**TASK TO CARRY OUT**
Each line from the one containing "by (rule card_Un_le)" through the end of the data below is to be output verbatim, with no lines added or left out.

(Saved entries)
____

(* Assume that $1<c<2$ and let $m\ge 2$ be an integer. Let $L_k$ denote the subword complexity of the sequence $(\lfloor n^c\rfloor \bmod m)_{n\ge 0}$. There exists a constant $C_1$ such that $L_k\le C_1 k^r$ for all $k\ge 1$, for all $r>\max\{4/(2-c),6\}$. Moreover, there is a constant $C_2>0$ such that $L_k\ge C_2 k^3$ for all $k\ge1$.
   Context: For a sequence $u$ with values in $\{0,1,\ldots,m-1\}$ and a positive integer $k$, the subword complexity $L_k$ is the number of distinct blocks $B\in\{0,\ldots,m-1\}^k$ that occur as a contiguous subsequence $(u_n,u_{n+1},\ldots,u_{n+k-1})$ of $u$. *)

theory Defs
  imports Complex_Main
begin

definition subword_complexity :: "(nat \<Rightarrow> nat) \<Rightarrow> nat \<Rightarrow> nat" where
  "subword_complexity u k = card {map (\<lambda>i. u (n + i)) [0..<k] | n. True}"

end

(*
  Write D i = floor ((n + i) powr c).  Once n exceeds (2 k^3) powr (1 / (2 - c)), the slope
  c x^(c - 1) of x powr c varies by at most 1 / k^2 on [n, n + k], so all chords of D have nearly
  the same slope; together with the convexity of D this forces (D i - D 0)_{i<k} to be a digitised
  line of slope a / b with b < k.  Modulo m such a block is one of m^2 k^3 (k + 1)^2 patterns, and
  the blocks starting below the threshold add at most (2 k^3) powr (1 / (2 - c)) + 1 more.

  Conversely, the slope c x^(c - 1) reaches every level m J + p / q + delta at points where the
  curvature of x powr c is as small as we please.  Stepping from there by q, the fractional part
  of n powr c sweeps [0, 1) slowly, so some n has floor ((n + i) powr c) = floor (n powr c) +
  (p i + r) div q modulo m for all i < k.  For k > 2 K distinct triples p < q <= K, r < q with p, q
  coprime give distinct blocks, and there are at least K^3 / 12 - K / 3 of them.
*)
theory Submission
  imports Defs "HOL-Number_Theory.Cong"
begin

definition block :: "(nat \<Rightarrow> 'a) \<Rightarrow> nat \<Rightarrow> nat \<Rightarrow> 'a list" where
  "block u k n = map (\<lambda>i. u (n + i)) [0..<k]"

lemma subword_complexity_eq_card_range: "subword_complexity u k = card (range (block u k))"
  unfolding subword_complexity_def block_def by (simp add: full_SetCompr_eq)

lemma range_block_subset:
  fixes u :: "nat \<Rightarrow> nat"
  assumes "\<And>n. u n < m"
  shows "range (block u k) \<subseteq> {xs. set xs \<subseteq> {..<m} \<and> length xs = k}"
  using assms by (auto simp: block_def)

lemma finite_range_block:
  fixes u :: "nat \<Rightarrow> nat"
  assumes "\<And>n. u n < m"
  shows "finite (range (block u k))"
  by (rule finite_subset[OF range_block_subset[OF assms]], rule finite_lists_length_eq) simp

lemma subword_complexity_le_power:
  assumes "\<And>n. u n < m"
  shows "subword_complexity u k \<le> m ^ k"
proof -
  have "card (range (block u k)) \<le> card {xs. set xs \<subseteq> {..<m} \<and> length xs = k}"
    using range_block_subset[OF assms] by (intro card_mono finite_lists_length_eq) auto
  then show ?thesis by (simp add: subword_complexity_eq_card_range card_lists_length_eq)
qed

lemma subword_complexity_pos:
  assumes "\<And>n. u n < m"
  shows "0 < subword_complexity u k"
  using finite_range_block[OF assms] by (simp add: subword_complexity_eq_card_range card_gt_0_iff)

lemma card_le_subword_complexity:
  assumes "\<And>n. u n < m" and "inj_on (\<lambda>t. block u k (f t)) A"
  shows "card A \<le> subword_complexity u k"
proof -
  have "card A = card ((\<lambda>t. block u k (f t)) ` A)"
    using assms(2) by (simp add: card_image)
  also have "\<dots> \<le> card (range (block u k))"
    using finite_range_block[OF assms(1)] by (intro card_mono) auto
  finally show ?thesis by (simp add: subword_complexity_eq_card_range)
qed

lemma subword_complexity_le_add_card:
  assumes "\<And>n. N \<le> n \<Longrightarrow> block u k n \<in> P" and "finite P"
  shows "subword_complexity u k \<le> N + card P"
proof -
  have "range (block u k) \<subseteq> block u k ` {..<N} \<union> P"
  proof
    fix xs assume "xs \<in> range (block u k)"
    then obtain n where "xs = block u k n" by blast
    then show "xs \<in> block u k ` {..<N} \<union> P"
      using assms(1)[of n] by (cases "n < N") auto
  qed
  then have "card (range (block u k)) \<le> card (block u k ` {..<N} \<union> P)"
    using assms(2) by (intro card_mono) auto
  also have "\<dots> \<le> card (block u k ` {..<N}) + card P" by (rule card_Un_le)
  also have "\<dots> \<le> N + card P" using card_image_le[of "{..<N}" "block u k"] by simp
  finally show ?thesis by (simp add: subword_complexity_eq_card_range)
qed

____

**OUTPUT OF THE EXERCISE**
  also have "\<dots> \<le> card (block u k ` {..<N}) + card P" by (rule card_Un_le)
  also have "\<dots> \<le> N + card P" using card_image_le[of "{..<N}" "block u k"] by simp
  finally show ?thesis by (simp add: subword_complexity_eq_card_range)
qed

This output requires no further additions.